— Рассказывай!
— И рассказывать нечего. В тупик зашла. Что у тебя?
— Как всегда, зашиваюсь, — весело сообщила Нюра. — Клавдия стала совсем неуправляемая, а тетя Тома меня пилит, что я плохая мать. Чай с молоком будешь?
— Мне все равно. Слушай, если б Клавдии было двадцать лет, ты б купила ей ондатровую шубку?
— Чего ж не купить-то?
— А если б денег не было?
— Не было б — не купила. Почему ты об этом спрашиваешь?

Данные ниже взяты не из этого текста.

(* Let $d\ge 2$ and let $P\in\mathbb{C}[x_0,x_1,x_2]$ be a homogeneous polynomial (ternary form) of degree $d$ with $\mathrm{Cr}(P)\ge 2$. Then $\mathrm{r}(P)\le(\mathrm{Cr}(P)-1)d$.
   Context: The rank $\mathrm{r}(P)$ is the minimum $r$ such that $P=L_1^d+\cdots+L_r^d$ with $L_i$ linear forms. Let $\nu_d:\mathbb{P}^2\to\mathbb{P}^N$, $N=\binom{d+2}{2}-1$, be the degree $d$ Veronese embedding with image $X_{2,d}$, and $[P]$ the projective class of $P$. A zero-dimensional scheme is curvilinear if the Zariski tangent space at each point of its support has dimension $\le 1$. The curvilinear rank is $\mathrm{Cr}(P)=\min\{\deg(Z): Z\subset X_{2,d}$ zero-dimensional curvilinear with $[P]\in\langle Z\rangle\}$, $\langle Z\rangle$ being the linear span of $Z$. *)

theory Defs
  imports Complex_Main "HOL-Computational_Algebra.Polynomial"
begin

type_synonym vec3 = "complex \<times> complex \<times> complex"

definition lin :: "vec3 \<Rightarrow> vec3 \<Rightarrow> complex" where
  "lin l x = (case l of (a0,a1,a2) \<Rightarrow> case x of (x0,x1,x2) \<Rightarrow> a0*x0 + a1*x1 + a2*x2)"

definition smul3 :: "complex \<Rightarrow> vec3 \<Rightarrow> vec3" where
  "smul3 c v = (case v of (a,b,e) \<Rightarrow> (c*a, c*b, c*e))"

definition add3 :: "vec3 \<Rightarrow> vec3 \<Rightarrow> vec3" where
  "add3 u v = (case u of (a,b,e) \<Rightarrow> case v of (a',b',e') \<Rightarrow> (a+a', b+b', e+e'))"

definition indep2 :: "vec3 \<Rightarrow> vec3 \<Rightarrow> bool" where
  "indep2 u v \<longleftrightarrow> (\<forall>a b. add3 (smul3 a u) (smul3 b v) = (0,0,0) \<longrightarrow> a = 0 \<and> b = 0)"

definition is_ternary_form :: "nat \<Rightarrow> (vec3 \<Rightarrow> complex) \<Rightarrow> bool" where
  "is_ternary_form d P \<longleftrightarrow> (\<exists>c :: nat \<Rightarrow> nat \<Rightarrow> complex. \<forall>x0 x1 x2.
      P (x0,x1,x2) = (\<Sum>(a,b)\<in>{(a,b). a + b \<le> d}. c a b * x0^a * x1^b * x2^(d-a-b)))"

definition waring_rank :: "nat \<Rightarrow> (vec3 \<Rightarrow> complex) \<Rightarrow> nat" where
  "waring_rank d P = (LEAST r. \<exists>L :: nat \<Rightarrow> vec3. P = (\<lambda>x. \<Sum>i<r. (lin (L i) x)^d))"

text \<open>A curvilinear scheme of length k supported at the point [l_0] of P^2 is the image of
  Spec C[t]/(t^k) under a germ t \<mapsto> [l_0 + t l_1 + ... + t^(k-1) l_(k-1)] with l_0 \<noteq> 0 and
  (if k \<ge> 2) l_0, l_1 linearly independent. The linear span of its image under \<nu>_d is spanned by
  the t^j-coefficients (j < k) of (l_0 + t l_1 + ...)^d, viewed as forms in x.\<close>
definition jet_form :: "nat \<Rightarrow> nat \<Rightarrow> (nat \<Rightarrow> vec3) \<Rightarrow> nat \<Rightarrow> vec3 \<Rightarrow> complex" where
  "jet_form d k l j = (\<lambda>x. coeff ((\<Sum>s<k. monom (lin (l s) x) s) ^ d) j)"

definition curvilinear_rank :: "nat \<Rightarrow> (vec3 \<Rightarrow> complex) \<Rightarrow> nat" where
  "curvilinear_rank d P = (LEAST n. \<exists>(m::nat) (ks :: nat \<Rightarrow> nat) (l :: nat \<Rightarrow> nat \<Rightarrow> vec3)
       (c :: nat \<Rightarrow> nat \<Rightarrow> complex).
     (\<forall>i<m. ks i \<ge> 1 \<and> l i 0 \<noteq> (0,0,0) \<and> (ks i \<ge> 2 \<longrightarrow> indep2 (l i 0) (l i 1))) \<and>
     (\<forall>i<m. \<forall>i'<m. i \<noteq> i' \<longrightarrow> indep2 (l i 0) (l i' 0)) \<and>
     n = (\<Sum>i<m. ks i) \<and>
     P = (\<lambda>x. \<Sum>i<m. \<Sum>j<ks i. c i j * jet_form d (ks i) (l i) j x))"

end

theory Submission
  imports Defs "HOL-Computational_Algebra.Fundamental_Theorem_Algebra"
begin

text \<open>
  A curvilinear component of length k at [l_0] contributes the span of the coefficients of t^j,
  j < k, in g(t) = (l_0 + t l_1 + ... + t^(k-1) l_(k-1))^d, a polynomial in t of degree at most
  D = (k - 1) d. A functional phi = sum_(j<k) c_j coeff_j with k <= D can be made to vanish on
  q = (t - b)^D - r^D for suitable b and r ~= 0. Interpolating g modulo q at the D distinct roots
  t_i of q then gives phi(g) = sum_i w_i g(t_i), and each g(t_i) is a d-th power of a linear form.
  So a component of length k >= 2 has Waring rank at most (k - 1) d, a reduced point has rank 1,
  and summing over the components with d >= 2 gives r(P) <= (Cr(P) - 1) d. The curvilinear rank
  is attained because every ternary form is a combination of d-th powers of the pairwise
  independent forms x_0 + s x_1 + u x_2, 0 <= s, u <= d.
\<close>

definition lagrange_basis :: "(nat \<Rightarrow> 'a::field) \<Rightarrow> nat \<Rightarrow> nat \<Rightarrow> 'a poly" where
  "lagrange_basis t N i =
     smult (inverse (\<Prod>i'\<in>{..<N}-{i}. t i - t i')) (\<Prod>i'\<in>{..<N}-{i}. [:- t i', 1:])"

lemma degree_lagrange_basis:
  assumes "i < N"
  shows "degree (lagrange_basis t N i) < N"
proof -
  have "degree (\<Prod>i'\<in>{..<N}-{i}. [:- t i', 1:]) \<le> sum (degree \<circ> (\<lambda>i'. [:- t i', 1:])) ({..<N}-{i})"
    by (rule degree_prod_sum_le) simp
  also have "\<dots> = N - 1"
    using assms by simp
  finally show ?thesis
    unfolding lagrange_basis_def using assms degree_smult_le order.strict_trans1 by fastforce
qed

lemma poly_lagrange_basis:
  assumes "inj_on t {..<N}" "i < N" "i' < N"
  shows "poly (lagrange_basis t N i) (t i') = (if i' = i then 1 else 0)"
proof -
  have "(\<Prod>i''\<in>{..<N}-{i}. t i - t i'') \<noteq> 0"
    using assms by (auto simp: inj_on_def)
  moreover have "(\<Prod>i''\<in>{..<N}-{i}. t i' - t i'') = 0" if "i' \<noteq> i"
    using assms that by (intro prod_zero) auto
  ultimately show ?thesis
    by (auto simp: lagrange_basis_def poly_prod)
qed

lemma lagrange_interpolation:
  fixes p :: "'a::field poly"
  assumes "inj_on t {..<N}" "degree p < N"
  shows "p = (\<Sum>i<N. smult (poly p (t i)) (lagrange_basis t N i))"
proof (rule poly_eqI_degree[where A = "t ` {..<N}"])
  have card: "card (t ` {..<N}) = N"
    using assms(1) by (simp add: card_image)
  show "card (t ` {..<N}) > degree p"
    using assms(2) card by simp
  show "card (t ` {..<N}) > degree (\<Sum>i<N. smult (poly p (t i)) (lagrange_basis t N i))"
    unfolding card using assms(2)
    by (intro degree_sum_less) (auto intro: le_less_trans[OF degree_smult_le] degree_lagrange_basis)
  show "poly p x = poly (\<Sum>i<N. smult (poly p (t i)) (lagrange_basis t N i)) x"
    if "x \<in> t ` {..<N}" for x
    using that assms(1) by (auto simp: poly_sum poly_lagrange_basis if_distrib cong: if_cong)
qed

lemma lagrange_interpolation_modulo:
  fixes p q :: "'a::field poly"
  assumes "inj_on t {..<N}" "degree p \<le> N" "degree q \<le> N" "coeff q N = 1"
    and "\<And>i. i < N \<Longrightarrow> poly q (t i) = 0"
  shows "p = smult (coeff p N) q + (\<Sum>i<N. smult (poly p (t i)) (lagrange_basis t N i))"
proof (rule poly_eqI_degree_lead_coeff[where A = "t ` {..<N}" and n = N])
  have "coeff (lagrange_basis t N i) N = 0" if "i < N" for i
    by (rule coeff_eq_0[OF degree_lagrange_basis[OF that]])
  then show "coeff p N = coeff (smult (coeff p N) q + (\<Sum>i<N. smult (poly p (t i)) (lagrange_basis t N i))) N"
    using assms(4) by (simp add: coeff_sum)
  show "card (t ` {..<N}) \<ge> N"
    using assms(1) by (simp add: card_image)
  show "degree p \<le> N" by fact
  show "degree (smult (coeff p N) q + (\<Sum>i<N. smult (poly p (t i)) (lagrange_basis t N i))) \<le> N"
    using assms(3)
    by (intro degree_add_le order.trans[OF degree_smult_le] degree_sum_le)
       (auto intro: order.trans[OF degree_smult_le] less_imp_le degree_lagrange_basis)
  show "poly p z = poly (smult (coeff p N) q + (\<Sum>i<N. smult (poly p (t i)) (lagrange_basis t N i))) z"
    if "z \<in> t ` {..<N}" for z
    using that assms(1,5) by (auto simp: poly_sum poly_lagrange_basis if_distrib cong: if_cong)
qed
(* Let $g$ be any connected undirected graph with $n$ processors and diameter $diam(g)$, with unique identifiers $id_v \in \{0,\dots,n-1\}$. The protocol $\mathcal{EMSS}$ is self-stabilizing for the mutual exclusion specification $spec_{EM}$ under the unfair distributed daemon $did$.
   Context: Model (state model with shared variables): a distributed system is a connected undirected graph $g=(V,E)$ whose vertices are processors and edges are communication links; $vois(v)$ is the set of neighbours of $v$; $n=|V|$; $diam(g)$ is the diameter of $g$. Each processor $v$ has a unique identity $id_v\in\{0,\dots,n-1\}$. The state of a processor is the value of its variables; a configuration is the tuple of all processor states. A protocol is a set of rules $\langle guard\rangle \to \langle action\rangle$, where the guard is a predicate on the state of the processor and of its neighbours and the action updates the processor's own state. A processor is enabled if one of its guards is true. In a step, a daemon selects a nonempty subset of the enabled processors, and each selected processor atomically executes the action of a true guard, all selected processors reading the configuration at the beginning of the step. An execution is a maximal sequence of configurations linked by steps. The unfair distributed daemon $did$ imposes no constraint on the (nonempty) selected set. The synchronous daemon $ds$ selects all enabled processors at every step. Self-stabilization: a protocol $\pi$ is self-stabilizing for a specification $spec$ under daemon $d$ if, from any configuration, every execution of $\pi$ under $d$ contains a configuration from which every execution of $\pi$ under $d$ satisfies $spec$. Mutual exclusion: each processor $v$ has a predicate $privilege_v$; $v$ is privileged in a configuration $\gamma$ iff $privilege_v$ is true in $\gamma$; if $v$ is privileged in $\gamma$ and is activated during step $(\gamma,\gamma')$, then $v$ executes its critical section during that step. An execution satisfies $spec_{EM}$ if in every configuration at most one processor is privileged (safety) and every processor executes its critical section infinitely often (liveness). Protocol $\mathcal{EMSS}$. Let $K=(2n-1)(diam(g)+1)+2$. Bounded clock: the set $H=\{-n,-n+1,\dots,0,\dots,K-1\}$ with increment $\phi(c)=c+1$ if $c<0$ and $\phi(c)=(c+1)\bmod K$ if $c\ge 0$. For an integer $c$ let $\overline{c}\in\{0,\dots,K-1\}$ with $c\equiv \overline c \pmod K$; $d_K(c,c')=\min\{\overline{c-c'},\overline{c'-c}\}$; $c\le_l c'$ iff $0\le \overline{c'-c}\le 1$. Let $init=\{-n,\dots,0\}$, $init^*=\{-n,\dots,-1\}$, $stab=\{0,\dots,K-1\}$, and $\le_{init}$ the usual order of integers on $init$. Each processor $v$ has one variable $r_v\in H$. Predicates: $privilege_v \equiv (r_v = 2n + 2\,diam(g)\,id_v)$; $correct_v(u)\equiv (r_v\in stab)\wedge(r_u\in stab)\wedge(d_K(r_v,r_u)\le 1)$; $tousCorrects_v\equiv \forall u\in vois(v),\ correct_v(u)$; $etapeNorm_v\equiv tousCorrects_v\wedge \forall u\in vois(v),\ r_v\le_l r_u$; $reInit_v\equiv \neg tousCorrects_v \wedge r_v\notin init$; $etapeConv_v\equiv r_v\in init^*\wedge \forall u\in vois(v),\ (r_u\in init \wedge r_v\le_{init} r_u)$. Rules: $NA:: etapeNorm_v \to r_v:=\phi(r_v)$; $CA:: etapeConv_v\to r_v:=\phi(r_v)$; $RA:: reInit_v\to r_v:=-n$. *)

theory Defs
  imports Main "HOL-Library.Extended_Nat"
begin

— Знаешь, странное у меня какое-то чувство. Расследую дело об убийстве девушки, очень милой, по рассказам тех, кто ее знал. В Угорье виделась с ее родителями. И что-то в их образе жизни меня насторожило.
— Пьют?
— Не думаю… Живут уж очень широко… У дочки ондатровая шубка.
— Ну и что? У меня тоже ондатровая.
— У тебя тетка заведует кафедрой, Костя доктор наук, ты кандидат… Статьи печатаете, книжки выпускаете. А они — совслужащие.
— Ой, Фроська! А кто теперь по доходам живет? У нас на работе сантехник в собственном «Запорожце» катается.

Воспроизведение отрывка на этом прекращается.